Below are some records; output exactly the lines from the line with "m) * \<bar>r\<bar> ^ m * (1" to the line with "by (simp add: f_def[abs_def]", both ends kept, and nothing more.

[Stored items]
- - -

lemma heat_kernel_exp_moment:
  assumes "q > 0" "0 \<le> r" "finite S"
  shows "(\<Sum>n\<in>S. q powi n * heat_kernel r n) \<le> exp (r * exp_moment_rate q)"
proof -
  define a where "a = (q + inverse q) / 2"
  have "(\<Sum>n\<in>S. q powi n * besselI r n) = (\<Sum>n\<in>S. \<Sum>m. q powi n * (walk_prob m n / fact m * r ^ m))"
    unfolding besselI_def by (intro sum.cong refl suminf_mult[symmetric] summable_besselI)
  also have "\<dots> = (\<Sum>m. \<Sum>n\<in>S. q powi n * (walk_prob m n / fact m * r ^ m))"
    by (intro suminf_sum[symmetric] summable_mult summable_besselI)
  also have "\<dots> \<le> (\<Sum>m. inverse (fact m) * (r * a) ^ m)"
  proof (rule suminf_le)
    have "(\<Sum>n\<in>S. q powi n * (walk_prob m n / fact m * r ^ m)) = r ^ m / fact m * (\<Sum>n\<in>S. q powi n * walk_prob m n)" for m
      by (simp add: sum_distrib_left mult_ac)
    also have "\<dots> m \<le> r ^ m / fact m * a ^ m" for m
      unfolding a_def using assms by (intro mult_left_mono walk_prob_exp_moment) auto
    finally show "(\<Sum>n\<in>S. q powi n * (walk_prob m n / fact m * r ^ m)) \<le> inverse (fact m) * (r * a) ^ m" for m
      by (simp add: power_mult_distrib divide_inverse mult_ac)
  qed (use summable_besselI summable_exp[of "r * a"] in
         \<open>auto intro!: summable_sum summable_mult simp: divide_inverse mult.commute\<close>)
  also have "\<dots> = exp (r * a)"
    using exp_converges[of "r * a"] by (simp add: sums_iff)
  finally have "exp (- r) * (\<Sum>n\<in>S. q powi n * besselI r n) \<le> exp (- r) * exp (r * a)"
    by simp
  then show ?thesis
    by (simp add: heat_kernel_eq_besselI sum_distrib_left mult_ac exp_moment_rate_def a_def
        mult_exp_exp algebra_simps)
qed

section \<open>Fourier representation\<close>

lemma has_integral_cos_int_mult:
  "((\<lambda>\<theta>. cos (of_int n * \<theta>)) has_integral (if n = 0 then 2 * pi else 0)) {-pi..pi}"
proof (cases "n = 0")
  case True
  then show ?thesis using has_integral_const_real[of "1 :: real" "-pi" pi] by simp
next
  case False
  have "((\<lambda>\<theta>. cos (of_int n * \<theta>)) has_integral
      (sin (of_int n * pi) / of_int n - sin (of_int n * (-pi)) / of_int n)) {-pi..pi}"
    by (rule fundamental_theorem_of_calculus)
       (use False in \<open>auto intro!: derivative_eq_intros simp: has_real_derivative_iff_has_vector_derivative[symmetric]\<close>)
  moreover have "sin (of_int n * pi) = 0"
    by (metis sin_times_pi_eq_0 mult.commute Ints_of_int)
  ultimately show ?thesis using False by simp
qed

lemma walk_prob_fourier:
  "((\<lambda>\<theta>. cos \<theta> ^ m * cos (of_int n * \<theta>)) has_integral 2 * pi * walk_prob m n) {-pi..pi}"
proof (induction m arbitrary: n)
  case 0
  then show ?case using has_integral_cos_int_mult[of n] by (cases "n = 0") auto
next
  case (Suc m)
  have split: "cos \<theta> ^ Suc m * cos (of_int n * \<theta>)
      = cos \<theta> ^ m * cos (of_int (n + 1) * \<theta>) / 2 + cos \<theta> ^ m * cos (of_int (n - 1) * \<theta>) / 2"
    for \<theta> :: real
    by (simp add: cos_add cos_diff field_simps)
  show ?case
    unfolding split
    by (rule has_integral_eq_rhs[OF has_integral_add[OF has_integral_divide[OF Suc.IH] has_integral_divide[OF Suc.IH]]])
       (simp add: algebra_simps)
qed

lemma has_integral_exp_cos_mult_cos:
  "((\<lambda>\<theta>. exp (r * cos \<theta>) * cos (of_int n * \<theta>)) has_integral 2 * pi * besselI r n) {-pi..pi}"
proof -
  define f where "f m \<theta> = (r * cos \<theta>) ^ m / fact m * cos (of_int n * \<theta>)" for m \<theta>
  have f_le: "norm (f m \<theta>) \<le> inverse (fact m) * \<bar>r\<bar> ^ m" for m \<theta>
  proof -
    have "norm (f m \<theta>) = inverse (fact m) * \<bar>r\<bar> ^ m * (\<bar>cos \<theta>\<bar> ^ m * \<bar>cos (of_int n * \<theta>)\<bar>)"
      by (simp add: f_def abs_mult power_abs power_mult_distrib divide_inverse)
    also have "\<dots> \<le> inverse (fact m) * \<bar>r\<bar> ^ m * (1 * 1)"
      by (intro mult_left_mono mult_mono power_le_one) auto
    finally show ?thesis by simp
  qed
  have f_sum: "(\<Sum>m. f m \<theta>) = exp (r * cos \<theta>) * cos (of_int n * \<theta>)" for \<theta>
  proof -
    have "(\<lambda>m. (r * cos \<theta>) ^ m /\<^sub>R fact m * cos (of_int n * \<theta>)) sums (exp (r * cos \<theta>) * cos (of_int n * \<theta>))"
      by (rule sums_mult2[OF exp_converges])
    then show ?thesis unfolding f_def by (simp add: sums_iff divide_inverse mult_ac)
  qed
  have "uniform_limit {-pi..pi} (\<lambda>N \<theta>. \<Sum>m<N. f m \<theta>) (\<lambda>\<theta>. \<Sum>m. f m \<theta>) sequentially"
    by (rule Weierstrass_m_test[where M = "\<lambda>m. inverse (fact m) * \<bar>r\<bar> ^ m"])
       (use f_le summable_exp in auto)
  then have "uniform_limit {-pi..pi} (\<lambda>N \<theta>. \<Sum>m<N. f m \<theta>) (\<lambda>\<theta>. exp (r * cos \<theta>) * cos (of_int n * \<theta>)) sequentially"
    by (simp add: f_sum)
  moreover have "continuous_on {-pi..pi} (\<lambda>\<theta>. \<Sum>m<N. f m \<theta>)" for N
    unfolding f_def by (auto intro!: continuous_intros)
  ultimately obtain I J where
      I: "\<And>N. ((\<lambda>\<theta>. \<Sum>m<N. f m \<theta>) has_integral I N) {-pi..pi}"
    and J: "((\<lambda>\<theta>. exp (r * cos \<theta>) * cos (of_int n * \<theta>)) has_integral J) {-pi..pi}"
    and IJ: "I \<longlonglongrightarrow> J"
    by (rule uniform_limit_integral) auto
  have "(f m has_integral 2 * pi * (walk_prob m n / fact m * r ^ m)) {-pi..pi}" for m
    using has_integral_mult_right[OF walk_prob_fourier, of "r ^ m / fact m" m n]
    by (simp add: f_def[abs_def] power_mult_distrib mult_ac)
  then have "I = (\<lambda>N. \<Sum>m<N. 2 * pi * (walk_prob m n / fact m * r ^ m))"
    by (intro ext has_integral_unique[OF I] has_integral_sum) auto
  then have "I \<longlonglongrightarrow> 2 * pi * besselI r n"
    using sums_mult[OF summable_sums[OF summable_besselI], of "2 * pi" n r]
    by (simp add: sums_def besselI_def)
  with IJ have "J = 2 * pi * besselI r n" by (rule LIMSEQ_unique)
  with J show ?thesis by simp
qed

lemma has_integral_heat_kernel:
  "((\<lambda>\<theta>. exp (- r * (1 - cos \<theta>)) * cos (of_int n * \<theta>)) has_integral 2 * pi * heat_kernel r n) {-pi..pi}"
proof -
  have integrand: "exp (- r * (1 - cos \<theta>)) * cos (of_int n * \<theta>)
      = exp (- r) * (exp (r * cos \<theta>) * cos (of_int n * \<theta>))" for \<theta>
    by (simp add: mult.assoc[symmetric] mult_exp_exp algebra_simps)
  show ?thesis
    unfolding integrand heat_kernel_eq_besselI
    by (rule has_integral_eq_rhs[OF has_integral_mult_right[OF has_integral_exp_cos_mult_cos]]) simp
qed

section \<open>Decay of the heat kernel\<close>

lemma one_minus_cos_le: "1 - cos x \<le> x\<^sup>2 / 2" for x :: real
proof -
  have "(sin (x / 2))\<^sup>2 \<le> (x / 2)\<^sup>2"
    using abs_sin_x_le_abs_x[of "x / 2"] by (metis abs_ge_zero power2_abs power_mono)
  then show ?thesis using cos_double_sin[of "x / 2"] by (simp add: power_divide)
qed

lemma one_minus_cos_ge:
  fixes x :: real
  assumes "\<bar>x\<bar> \<le> pi"
  shows "x\<^sup>2 / 12 \<le> 1 - cos x"
proof -
  obtain t where "cos x = (\<Sum>m<4. cos_coeff m * x ^ m) + cos (t + 1/2 * real 4 * pi) / fact 4 * x ^ 4"
    using Maclaurin_cos_expansion by blast
  moreover have "cos (t + 1/2 * real 4 * pi) * x ^ 4 \<le> 1 * x ^ 4"
    by (intro mult_right_mono) auto
  ultimately have "cos x \<le> 1 - x\<^sup>2 / 2 + x ^ 4 / 24"
    by (simp add: eval_nat_numeral cos_coeff_Suc sin_coeff_Suc divide_right_mono)
  moreover have "x\<^sup>2 \<le> 10"
  proof -
    have "x\<^sup>2 \<le> pi\<^sup>2" using assms by (metis abs_ge_zero power2_abs power_mono)
    also have "pi\<^sup>2 \<le> 3.15\<^sup>2" using pi_approx(2) by (intro power_mono) auto
    finally show ?thesis by (simp add: power2_eq_square)
  qed
  then have "x ^ 4 \<le> 10 * x\<^sup>2"
    using mult_right_mono[of "x\<^sup>2" 10 "x\<^sup>2"] by (simp add: power4_eq_xxxx power2_eq_square)
  ultimately show ?thesis by linarith
qed

lemma abs_cos_diff_le: "\<bar>cos a - cos b\<bar> \<le> \<bar>a - b\<bar>" for a b :: real
proof -
  have "\<bar>cos a - cos b\<bar> = 2 * \<bar>sin ((a + b) / 2)\<bar> * \<bar>sin ((b - a) / 2)\<bar>"
    by (simp add: cos_diff_cos abs_mult)
  also have "\<dots> \<le> 2 * 1 * \<bar>(b - a) / 2\<bar>"
    by (intro mult_mono abs_sin_x_le_abs_x) auto
  finally show ?thesis by simp
qed

lemma has_integral_inverse_one_plus_sq:
  assumes "b > 0"
  shows "((\<lambda>\<theta>. 1 / (1 + b * \<theta>\<^sup>2)) has_integral 2 * arctan (sqrt b * pi) / sqrt b) {-pi..pi}"
proof -
  have "((\<lambda>\<theta>. arctan (sqrt b * \<theta>) / sqrt b) has_real_derivative 1 / (1 + b * \<theta>\<^sup>2)) (at \<theta> within {-pi..pi})"
    for \<theta>
  proof -
    have "1 + b * \<theta>\<^sup>2 > 0" "b + b * (b * \<theta>\<^sup>2) > 0" using assms by (simp_all add: add_pos_nonneg)
    then show ?thesis
      using assms by (auto intro!: derivative_eq_intros simp: power_mult_distrib field_simps)
  qed
  then have "((\<lambda>\<theta>. 1 / (1 + b * \<theta>\<^sup>2)) has_integral
      arctan (sqrt b * pi) / sqrt b - arctan (sqrt b * - pi) / sqrt b) {-pi..pi}"
    by (intro fundamental_theorem_of_calculus) (auto simp: has_real_derivative_iff_has_vector_derivative)
  then show ?thesis by (simp add: arctan_minus)
qed

lemma sqrt_power_mult_exp_le:
  assumes "0 \<le> u" "k \<le> 2"
  shows "sqrt u ^ k * exp (- u) \<le> 2 / (1 + u)"
proof -
  have "0 \<le> (sqrt u - 1)\<^sup>2" by simp
  then have "sqrt u \<le> (1 + u) / 2" using assms(1) by (simp add: power2_diff)
  consider "k = 0" | "k = 1" | "k = 2" using assms(2) by linarith
  then have "sqrt u ^ k * (1 + u) \<le> 2 * (1 + u + u\<^sup>2 / 2)"
  proof cases
    case 1
    then show ?thesis using assms(1) by (simp add: power2_eq_square)
  next
    case 2
    have "sqrt u ^ k * (1 + u) \<le> (1 + u) / 2 * (1 + u)"
      using 2 \<open>sqrt u \<le> (1 + u) / 2\<close> assms(1) by (intro mult_right_mono) auto
    also have "\<dots> \<le> 2 * (1 + u + u\<^sup>2 / 2)"
      using assms(1) mult_nonneg_nonneg[OF assms(1) assms(1)] by (simp add: power2_eq_square field_simps)
    finally show ?thesis .
  next
    case 3
    then show ?thesis using assms(1) by (simp add: power2_eq_square field_simps)
  qed
  also have "\<dots> \<le> 2 * exp u" using exp_lower_Taylor_quadratic[OF assms(1)] by simp
  finally show ?thesis using assms(1) by (simp add: exp_minus field_simps)
qed

lemma integral_gaussian_moment_le:
  assumes "b > 0" "k \<le> 2"
  shows "integral {-pi..pi} (\<lambda>\<theta>. exp (- b * \<theta>\<^sup>2) * \<bar>\<theta>\<bar> ^ k) \<le> 2 * pi / sqrt b ^ (k + 1)"
proof -
  have "exp (- b * \<theta>\<^sup>2) * \<bar>\<theta>\<bar> ^ k \<le> 2 / sqrt b ^ k * (1 / (1 + b * \<theta>\<^sup>2))" for \<theta>
  proof -
    have "exp (- b * \<theta>\<^sup>2) * \<bar>\<theta>\<bar> ^ k = sqrt (b * \<theta>\<^sup>2) ^ k * exp (- (b * \<theta>\<^sup>2)) / sqrt b ^ k"
      using assms(1) by (simp add: real_sqrt_mult power_mult_distrib)
    also have "\<dots> \<le> 2 / (1 + b * \<theta>\<^sup>2) / sqrt b ^ k"
      using assms by (intro divide_right_mono sqrt_power_mult_exp_le) auto
    finally show ?thesis by (simp add: ac_simps)
  qed
  then have "integral {-pi..pi} (\<lambda>\<theta>. exp (- b * \<theta>\<^sup>2) * \<bar>\<theta>\<bar> ^ k)
      \<le> 2 / sqrt b ^ k * (2 * arctan (sqrt b * pi) / sqrt b)"
    by (intro has_integral_le[OF integrable_integral has_integral_mult_right[OF has_integral_inverse_one_plus_sq]])
       (use assms in \<open>auto intro!: integrable_continuous_interval continuous_intros\<close>)
  also have "\<dots> \<le> 2 / sqrt b ^ k * (pi / sqrt b)"
    using arctan_ubound[of "sqrt b * pi"] assms by (intro mult_left_mono divide_right_mono) auto
  finally show ?thesis by (simp add: field_simps)
qed

lemma heat_weight_le_gaussian:
  assumes "0 \<le> r" "\<bar>\<theta>\<bar> \<le> pi"
  shows "exp (- r * (1 - cos \<theta>)) \<le> exp (pi\<^sup>2 / 12) * exp (- (max 1 r / 12) * \<theta>\<^sup>2)"
proof -
  have "\<theta>\<^sup>2 \<le> pi\<^sup>2" using assms(2) by (metis abs_ge_zero power2_abs power_mono)
  have "max 1 r * \<theta>\<^sup>2 / 12 \<le> \<theta>\<^sup>2 / 12 + r * (\<theta>\<^sup>2 / 12)"
    using assms(1) by (simp add: max_def field_simps)
  also have "\<dots> \<le> pi\<^sup>2 / 12 + r * (1 - cos \<theta>)"
    using assms one_minus_cos_ge[of \<theta>] \<open>\<theta>\<^sup>2 \<le> pi\<^sup>2\<close> by (intro add_mono mult_left_mono) auto
  finally show ?thesis by (simp add: mult_exp_exp)
qed

definition heat_const :: real where
  "heat_const = exp (pi\<^sup>2 / 12) * sqrt 12 ^ 3"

- - -

# Solution
    also have "\<dots> \<le> inverse (fact m) * \<bar>r\<bar> ^ m * (1 * 1)"
      by (intro mult_left_mono mult_mono power_le_one) auto
    finally show ?thesis by simp
  qed
  have f_sum: "(\<Sum>m. f m \<theta>) = exp (r * cos \<theta>) * cos (of_int n * \<theta>)" for \<theta>
  proof -
    have "(\<lambda>m. (r * cos \<theta>) ^ m /\<^sub>R fact m * cos (of_int n * \<theta>)) sums (exp (r * cos \<theta>) * cos (of_int n * \<theta>))"
      by (rule sums_mult2[OF exp_converges])
    then show ?thesis unfolding f_def by (simp add: sums_iff divide_inverse mult_ac)
  qed
  have "uniform_limit {-pi..pi} (\<lambda>N \<theta>. \<Sum>m<N. f m \<theta>) (\<lambda>\<theta>. \<Sum>m. f m \<theta>) sequentially"
    by (rule Weierstrass_m_test[where M = "\<lambda>m. inverse (fact m) * \<bar>r\<bar> ^ m"])
       (use f_le summable_exp in auto)
  then have "uniform_limit {-pi..pi} (\<lambda>N \<theta>. \<Sum>m<N. f m \<theta>) (\<lambda>\<theta>. exp (r * cos \<theta>) * cos (of_int n * \<theta>)) sequentially"
    by (simp add: f_sum)
  moreover have "continuous_on {-pi..pi} (\<lambda>\<theta>. \<Sum>m<N. f m \<theta>)" for N
    unfolding f_def by (auto intro!: continuous_intros)
  ultimately obtain I J where
      I: "\<And>N. ((\<lambda>\<theta>. \<Sum>m<N. f m \<theta>) has_integral I N) {-pi..pi}"
    and J: "((\<lambda>\<theta>. exp (r * cos \<theta>) * cos (of_int n * \<theta>)) has_integral J) {-pi..pi}"
    and IJ: "I \<longlonglongrightarrow> J"
    by (rule uniform_limit_integral) auto
  have "(f m has_integral 2 * pi * (walk_prob m n / fact m * r ^ m)) {-pi..pi}" for m
    using has_integral_mult_right[OF walk_prob_fourier, of "r ^ m / fact m" m n]
    by (simp add: f_def[abs_def] power_mult_distrib mult_ac)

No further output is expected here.